Content starts
(* With notation as in the context, fix any $j_0\in\Omega_2\setminus\{1\}$ and $t_0\in\Omega_1\setminus\{1\}$, and define elements $A_{i,k}\in\mathcal{U}(\mathcal{J}_{\mathbb{F}})$ for $i,k\in\Omega_1\cup\Omega_3$ by: $A_{i,k}=G_{i,1}G_{k,1}$ for $i,k\in\Omega_1$, $i\neq k$; $A_{1,p+1}=G_{1,j_0}G_{1,j_0}G_{1,1}$; $A_{i,k}=G_{i,1}G_{1,1}G_{1,k-p}$ for $i\in\Omega_1$, $k\in\Omega_3$, $(i,k)\neq(1,p+1)$; $A_{i,k}=-A_{k,i}+G_{k,i-p}$ for $i\in\Omega_3$, $k\in\Omega_1$; $A_{i,k}=G_{1,i-p}G_{1,k-p}$ for $i,k\in\Omega_3$, $i\neq k$; $A_{1,1}=G_{1,1}G_{1,1}G_{1,j_0}G_{1,j_0}$; $A_{i,i}=-G_{1,1}G_{1,1}G_{t_0,1}G_{t_0,1}+G_{i,1}G_{i,1}$ for $i\in\Omega_1\setminus\{1\}$; $A_{i,i}=-G_{1,1}G_{1,1}G_{1,j_0}G_{1,j_0}+G_{1,i-p}G_{1,i-p}$ for $i\in\Omega_3$. Then these elements do not depend on the choices of $j_0,t_0$, they satisfy $A_{i,k}A_{\ell,t}=\delta_{k,\ell}A_{i,t}$ for all $i,k,\ell,t\in\Omega_1\cup\Omega_3$, and $G_{i,j}=A_{i,j+p}+A_{j+p,i}$ for all $i\in\Omega_1$, $j\in\Omega_2$.
   Context: Let $\mathbb{F}$ be a field of characteristic $0$ and $p,q>1$ integers with $p\neq q$. Let $\mathcal{J}_{\mathbb{F}}$ be the vector space $M_{p\times q}(\mathbb{F})$ of $p\times q$ matrices with the Jordan triple product $\{x,y,z\}=xy^tz+zy^tx$ ($y^t$ the transpose). Put $\Omega_1=\{1,\dots,p\}$, $\Omega_2=\{1,\dots,q\}$, $\Omega_3=\{p+1,\dots,p+q\}$, and let $E_{i,j}$ ($i\in\Omega_1$, $j\in\Omega_2$) be the standard matrix units of $M_{p\times q}(\mathbb{F})$. Let $\mathfrak{F}$ be the free associative algebra (without identity element) over $\mathbb{F}$ on symbols $G_{i,j}$ ($i\in\Omega_1$, $j\in\Omega_2$), and let $\Phi:\mathcal{J}_{\mathbb{F}}\to\mathfrak{F}$ be the linear map with $\Phi(E_{i,j})=G_{i,j}$. Let $I$ be the two-sided ideal of $\mathfrak{F}$ generated by all elements $G_{i,j}G_{k,\ell}G_{s,t}+G_{s,t}G_{k,\ell}G_{i,j}-\Phi(\{E_{i,j},E_{k,\ell},E_{s,t}\})$ ($i,k,s\in\Omega_1$; $j,\ell,t\in\Omega_2$). The universal associative envelope is $\mathcal{U}(\mathcal{J}_{\mathbb{F}})=\mathfrak{F}/I$; the image of $G_{i,j}$ in it is again denoted $G_{i,j}$. $\delta_{k,\ell}$ is the Kronecker delta. *)

theory Defs
  imports Main
begin

definition Om1 :: "nat \<Rightarrow> nat set" where "Om1 p = {1..p}"
definition Om2 :: "nat \<Rightarrow> nat set" where "Om2 q = {1..q}"
definition Om3 :: "nat \<Rightarrow> nat \<Rightarrow> nat set" where "Om3 p q = {p+1..p+q}"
Content ends
Exercise directions :: After reading the data above, print it all again exactly.

Exercise answer ::
(* With notation as in the context, fix any $j_0\in\Omega_2\setminus\{1\}$ and $t_0\in\Omega_1\setminus\{1\}$, and define elements $A_{i,k}\in\mathcal{U}(\mathcal{J}_{\mathbb{F}})$ for $i,k\in\Omega_1\cup\Omega_3$ by: $A_{i,k}=G_{i,1}G_{k,1}$ for $i,k\in\Omega_1$, $i\neq k$; $A_{1,p+1}=G_{1,j_0}G_{1,j_0}G_{1,1}$; $A_{i,k}=G_{i,1}G_{1,1}G_{1,k-p}$ for $i\in\Omega_1$, $k\in\Omega_3$, $(i,k)\neq(1,p+1)$; $A_{i,k}=-A_{k,i}+G_{k,i-p}$ for $i\in\Omega_3$, $k\in\Omega_1$; $A_{i,k}=G_{1,i-p}G_{1,k-p}$ for $i,k\in\Omega_3$, $i\neq k$; $A_{1,1}=G_{1,1}G_{1,1}G_{1,j_0}G_{1,j_0}$; $A_{i,i}=-G_{1,1}G_{1,1}G_{t_0,1}G_{t_0,1}+G_{i,1}G_{i,1}$ for $i\in\Omega_1\setminus\{1\}$; $A_{i,i}=-G_{1,1}G_{1,1}G_{1,j_0}G_{1,j_0}+G_{1,i-p}G_{1,i-p}$ for $i\in\Omega_3$. Then these elements do not depend on the choices of $j_0,t_0$, they satisfy $A_{i,k}A_{\ell,t}=\delta_{k,\ell}A_{i,t}$ for all $i,k,\ell,t\in\Omega_1\cup\Omega_3$, and $G_{i,j}=A_{i,j+p}+A_{j+p,i}$ for all $i\in\Omega_1$, $j\in\Omega_2$.
   Context: Let $\mathbb{F}$ be a field of characteristic $0$ and $p,q>1$ integers with $p\neq q$. Let $\mathcal{J}_{\mathbb{F}}$ be the vector space $M_{p\times q}(\mathbb{F})$ of $p\times q$ matrices with the Jordan triple product $\{x,y,z\}=xy^tz+zy^tx$ ($y^t$ the transpose). Put $\Omega_1=\{1,\dots,p\}$, $\Omega_2=\{1,\dots,q\}$, $\Omega_3=\{p+1,\dots,p+q\}$, and let $E_{i,j}$ ($i\in\Omega_1$, $j\in\Omega_2$) be the standard matrix units of $M_{p\times q}(\mathbb{F})$. Let $\mathfrak{F}$ be the free associative algebra (without identity element) over $\mathbb{F}$ on symbols $G_{i,j}$ ($i\in\Omega_1$, $j\in\Omega_2$), and let $\Phi:\mathcal{J}_{\mathbb{F}}\to\mathfrak{F}$ be the linear map with $\Phi(E_{i,j})=G_{i,j}$. Let $I$ be the two-sided ideal of $\mathfrak{F}$ generated by all elements $G_{i,j}G_{k,\ell}G_{s,t}+G_{s,t}G_{k,\ell}G_{i,j}-\Phi(\{E_{i,j},E_{k,\ell},E_{s,t}\})$ ($i,k,s\in\Omega_1$; $j,\ell,t\in\Omega_2$). The universal associative envelope is $\mathcal{U}(\mathcal{J}_{\mathbb{F}})=\mathfrak{F}/I$; the image of $G_{i,j}$ in it is again denoted $G_{i,j}$. $\delta_{k,\ell}$ is the Kronecker delta. *)

theory Defs
  imports Main
begin

definition Om1 :: "nat \<Rightarrow> nat set" where "Om1 p = {1..p}"
definition Om2 :: "nat \<Rightarrow> nat set" where "Om2 q = {1..q}"
definition Om3 :: "nat \<Rightarrow> nat \<Rightarrow> nat set" where "Om3 p q = {p+1..p+q}"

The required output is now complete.